- [TASK ITEM]
Copy each line of the records that contains the word "auto".

Stored records
(* Let $\Omega\subset\mathbb{R}^N$ be a bounded domain, let $X=C(\bar{\Omega})$, let $d_I>0$, and let $\gamma$ be a positive continuous function on $\bar{\Omega}$. Let $J:\mathbb{R}^N\to\mathbb{R}$ be continuous with $J(0)>0$, $J(x)=J(-x)\ge 0$, $\int_{\mathbb{R}^N}J(x)\,dx=1$, and $\int_{\Omega}J(x-y)\,dy\not\equiv 1$. Define the bounded linear operator $A:X\to X$ by $$A[u](x)=d_I\left(\int_{\Omega}J(x-y)u(y)\,dy-u(x)\right)-\gamma(x)u(x),\quad x\in\bar\Omega.$$ Then the spectral bound of $A$ is negative: $S(A)<0$.
   Context: For a closed operator $\mathscr{A}$ on $X$ with spectrum $\sigma(\mathscr{A})$, the spectral bound is $S(\mathscr{A})=\sup\{\mathrm{Re}\,\lambda:\lambda\in\sigma(\mathscr{A})\}$. *)

theory Defs
  imports "HOL-Analysis.Analysis"
begin

text \<open>The space C(closure Omega), complexified; functions are normalised to be 0
  outside the closed set so that elements are canonical representatives.\<close>
definition CX :: "'a::topological_space set \<Rightarrow> ('a \<Rightarrow> complex) set" where
  "CX S = {u. continuous_on S u \<and> (\<forall>x. x \<notin> S \<longrightarrow> u x = 0)}"

definition op_spectrum ::
  "('a \<Rightarrow> complex) set \<Rightarrow> (('a \<Rightarrow> complex) \<Rightarrow> ('a \<Rightarrow> complex)) \<Rightarrow> complex set" where
  "op_spectrum X A = {\<mu>. \<not> bij_betw (\<lambda>u x. \<mu> * u x - A u x) X X}"

text \<open>Spectral bound S(A) = sup of real parts of the spectrum (in ereal, so sup of empty is -infinity).\<close>
definition spectral_bound ::
  "('a \<Rightarrow> complex) set \<Rightarrow> (('a \<Rightarrow> complex) \<Rightarrow> ('a \<Rightarrow> complex)) \<Rightarrow> ereal" where
  "spectral_bound X A = (SUP \<mu>\<in>op_spectrum X A. ereal (Re \<mu>))"

definition nonlocal_op ::
  "real \<Rightarrow> (real^'n \<Rightarrow> real) \<Rightarrow> (real^'n \<Rightarrow> real) \<Rightarrow> (real^'n) set
     \<Rightarrow> (real^'n \<Rightarrow> complex) \<Rightarrow> (real^'n \<Rightarrow> complex)" where
  "nonlocal_op dI J \<gamma> \<Omega> u x =
     (if x \<in> closure \<Omega> then
        complex_of_real dI * (integral \<Omega> (\<lambda>y. complex_of_real (J (x - y)) * u y) - u x)
        - complex_of_real (\<gamma> x) * u x
      else 0)"

end

theory Submission
  imports Defs
begin

text \<open>Write the operator as \<open>A = dI K - (dI + \<gamma>)\<close>, where \<open>K\<close> is convolution with \<open>J\<close>
  restricted to \<open>\<Omega>\<close>. Since \<open>J \<ge> 0\<close> has total mass \<open>1\<close>, \<open>K\<close> does not increase the sup norm.
  Hence for \<open>Re \<mu> > - min \<gamma>\<close> the multiplier \<open>c = \<mu> + dI + \<gamma>\<close> satisfies \<open>\<bar>c\<bar> > dI\<close>
  uniformly, and \<open>\<mu> - A = c - dI K\<close> is bijective on \<open>C(closure \<Omega>)\<close>: the equation
  \<open>(\<mu> - A) u = f\<close> is the fixed-point equation of \<open>u \<mapsto> (f + dI K u) / c\<close>, a contraction
  for the sup norm. So \<open>S(A) \<le> - min \<gamma> < 0\<close>.\<close>

definition uniform_contraction_on ::
  "'a set \<Rightarrow> ('a \<Rightarrow> 'b::real_normed_vector) set \<Rightarrow> (('a \<Rightarrow> 'b) \<Rightarrow> 'a \<Rightarrow> 'b) \<Rightarrow> real \<Rightarrow> bool" where
  "uniform_contraction_on S X T q \<longleftrightarrow>
     (\<forall>u\<in>X. \<forall>v\<in>X. \<forall>B\<ge>0. (\<forall>y\<in>S. norm (u y - v y) \<le> B) \<longrightarrow> (\<forall>x\<in>S. norm (T u x - T v x) \<le> q * B))"

lemma uniform_contraction_onD:
  "uniform_contraction_on S X T q \<Longrightarrow> u \<in> X \<Longrightarrow> v \<in> X \<Longrightarrow> 0 \<le> B \<Longrightarrow>
    \<forall>y\<in>S. norm (u y - v y) \<le> B \<Longrightarrow> x \<in> S \<Longrightarrow> norm (T u x - T v x) \<le> q * B"
  unfolding uniform_contraction_on_def by blast

lemma uniform_contraction_on_funpow:
  assumes T: "uniform_contraction_on S X T q" "\<And>u. u \<in> X \<Longrightarrow> T u \<in> X" and "0 \<le> q"
    and uv: "u \<in> X" "v \<in> X" and B: "0 \<le> B" "\<forall>y\<in>S. norm (u y - v y) \<le> B"
  shows "\<forall>y\<in>S. norm ((T ^^ k) u y - (T ^^ k) v y) \<le> q ^ k * B"
proof (induction k)
  case 0
  then show ?case using B by simp
next
  case (Suc k)
  have "(T ^^ k) u \<in> X" "(T ^^ k) v \<in> X"
    by (induction k) (simp_all add: T(2) uv)
  with Suc show ?case
    using uniform_contraction_onD[OF T(1)] \<open>0 \<le> q\<close> B(1) by (simp add: mult.assoc)
qed

lemma CX_bounded_diff:
  assumes "compact S" "u \<in> CX S" "v \<in> CX S"
  obtains B where "B > 0" "\<forall>y\<in>S. norm (u y - v y) \<le> B"
proof -
  have "continuous_on S (\<lambda>y. u y - v y)"
    using assms by (intro continuous_intros) (auto simp: CX_def)
  then have "bounded ((\<lambda>y. u y - v y) ` S)"
    using \<open>compact S\<close> by (intro compact_imp_bounded compact_continuous_image)
  then show ?thesis
    using that by (auto simp: bounded_pos)
qed

lemma funpow_zero_in_CX:
  assumes "\<And>u. u \<in> CX S \<Longrightarrow> T u \<in> CX S"
  shows "(T ^^ k) (\<lambda>_. 0) \<in> CX S"
proof (induction k)
  case 0
  show ?case by (simp add: CX_def)
next
  case (Suc k)
  then show ?case by (simp add: assms)
qed

lemma CX_contraction_fixpoint_unique:
  fixes T :: "('a::topological_space \<Rightarrow> complex) \<Rightarrow> 'a \<Rightarrow> complex"
  assumes "compact S" and T: "uniform_contraction_on S (CX S) T q" "\<And>u. u \<in> CX S \<Longrightarrow> T u \<in> CX S"
    and q: "0 \<le> q" "q < 1"
    and u: "u \<in> CX S" "T u = u" and v: "v \<in> CX S" "T v = v"
  shows "u = v"
proof
  fix x
  show "u x = v x"
  proof (cases "x \<in> S")
    case True
    obtain B where B: "B > 0" "\<forall>y\<in>S. norm (u y - v y) \<le> B"
      using CX_bounded_diff[OF \<open>compact S\<close> u(1) v(1)] .
    have fixed: "(T ^^ k) w = w" if "T w = w" for w k
      using that by (induction k) simp_all
    have "\<forall>y\<in>S. norm ((T ^^ k) u y - (T ^^ k) v y) \<le> q ^ k * B" for k
      using B by (intro uniform_contraction_on_funpow[OF T q(1) u(1) v(1)]) auto
    then have bound: "norm (u x - v x) \<le> q ^ k * B" for k
      using True by (simp only: fixed u(2) v(2))
    have "(\<lambda>k. q ^ k * B) \<longlonglongrightarrow> 0"
      using q by (intro tendsto_mult_left_zero LIMSEQ_power_zero) auto
    then have "norm (u x - v x) \<le> 0"
      using bound LIMSEQ_le_const by blast
    then show ?thesis by simp
  next
    case False
    then show ?thesis using u v by (simp add: CX_def)
  qed
qed

lemma CX_contraction_iterates_converge:
  fixes T :: "('a::topological_space \<Rightarrow> complex) \<Rightarrow> 'a \<Rightarrow> complex"
  assumes "compact S" and T: "uniform_contraction_on S (CX S) T q" "\<And>u. u \<in> CX S \<Longrightarrow> T u \<in> CX S"
    and q: "0 \<le> q" "q < 1"
  obtains u where "u \<in> CX S" "uniform_limit S (\<lambda>k. (T ^^ k) (\<lambda>_. 0)) u sequentially"
proof -
  define U where "U k = (T ^^ k) (\<lambda>_. 0)" for k
  have U: "U k \<in> CX S" for k
    unfolding U_def using T(2) by (rule funpow_zero_in_CX)
  obtain C where C: "C > 0" "\<forall>y\<in>S. norm (U 1 y - U 0 y) \<le> C"
    using CX_bounded_diff[OF \<open>compact S\<close> U U] .
  have "\<forall>y\<in>S. norm ((T ^^ k) (U 1) y - (T ^^ k) (U 0) y) \<le> q ^ k * C" for k
    using C by (intro uniform_contraction_on_funpow[OF T q(1) U U]) auto
  then have step: "norm (U (Suc k) y - U k y) \<le> q ^ k * C" if "y \<in> S" for k y
    using that by (simp add: U_def funpow_Suc_right del: funpow.simps)
  define u where "u y = (\<Sum>k. U (Suc k) y - U k y)" for y
  have "uniform_limit S (\<lambda>n y. \<Sum>k<n. U (Suc k) y - U k y) u sequentially"
    unfolding u_def using step q
    by (intro Weierstrass_m_test[where M = "\<lambda>k. q ^ k * C"]) (auto intro: summable_mult2)
  moreover have "(\<Sum>k<n. U (Suc k) y - U k y) = U n y" for n y
    using sum_lessThan_telescope[of "\<lambda>k. U k y" n] by (simp add: U_def)
  ultimately have lim: "uniform_limit S U u sequentially"
    by simp
  have "continuous_on S u"
    by (rule uniform_limit_theorem[OF _ lim]) (use U in \<open>auto simp: CX_def\<close>)
  moreover have "u y = 0" if "y \<notin> S" for y
    using U that by (simp add: u_def CX_def)
  moreover have "U = (\<lambda>k. (T ^^ k) (\<lambda>_. 0))"
    by (simp add: fun_eq_iff U_def)
  ultimately show ?thesis
    using that lim by (auto simp: CX_def)
qed

lemma CX_contraction_fixpoint_exists:
  fixes T :: "('a::topological_space \<Rightarrow> complex) \<Rightarrow> 'a \<Rightarrow> complex"
  assumes "compact S" and T: "uniform_contraction_on S (CX S) T q" "\<And>u. u \<in> CX S \<Longrightarrow> T u \<in> CX S"
    and q: "0 \<le> q" "q < 1"
  shows "\<exists>u\<in>CX S. T u = u"
proof -
  obtain u where u: "u \<in> CX S" and lim: "uniform_limit S (\<lambda>k. (T ^^ k) (\<lambda>_. 0)) u sequentially"
    using CX_contraction_iterates_converge[OF assms] .
  define U where "U k = (T ^^ k) (\<lambda>_. 0)" for k
  have U: "U k \<in> CX S" for k
    unfolding U_def using T(2) by (rule funpow_zero_in_CX)
  have "T u z = u z" for z
  proof (cases "z \<in> S")
    case True
    have "(\<lambda>n. T (U n) z) \<longlonglongrightarrow> T u z"
    proof (rule tendstoI)
      fix e :: real
      assume "e > 0"
      show "\<forall>\<^sub>F n in sequentially. dist (T (U n) z) (T u z) < e"
        using uniform_limitD[OF lim \<open>e > 0\<close>]
      proof eventually_elim
        case (elim n)
        then have "norm (T (U n) z - T u z) \<le> q * e"
          using uniform_contraction_onD[OF T(1) U[of n] u, of e z] True \<open>e > 0\<close>
          by (simp add: U_def dist_norm less_imp_le)
        also have "\<dots> < e"
          using q \<open>e > 0\<close> by simp
        finally show ?case by (simp add: dist_norm)
      qed
    qed
    moreover have "(\<lambda>n. T (U n) z) \<longlonglongrightarrow> u z"
      using LIMSEQ_Suc[OF tendsto_uniform_limitI[OF lim True]] by (simp add: U_def)
    ultimately show ?thesis
      using LIMSEQ_unique by blast
  next
    case False
    then show ?thesis using T(2)[OF u] u by (simp add: CX_def)
  qed
  with u show ?thesis by blast
qed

- [OUTPUT OF THE TASK]
    using assms by (intro continuous_intros) (auto simp: CX_def)
    using that by (auto simp: bounded_pos)
      using B by (intro uniform_contraction_on_funpow[OF T q(1) u(1) v(1)]) auto
      using q by (intro tendsto_mult_left_zero LIMSEQ_power_zero) auto
    using C by (intro uniform_contraction_on_funpow[OF T q(1) U U]) auto
    by (intro Weierstrass_m_test[where M = "\<lambda>k. q ^ k * C"]) (auto intro: summable_mult2)
    by (rule uniform_limit_theorem[OF _ lim]) (use U in \<open>auto simp: CX_def\<close>)
    using that lim by (auto simp: CX_def)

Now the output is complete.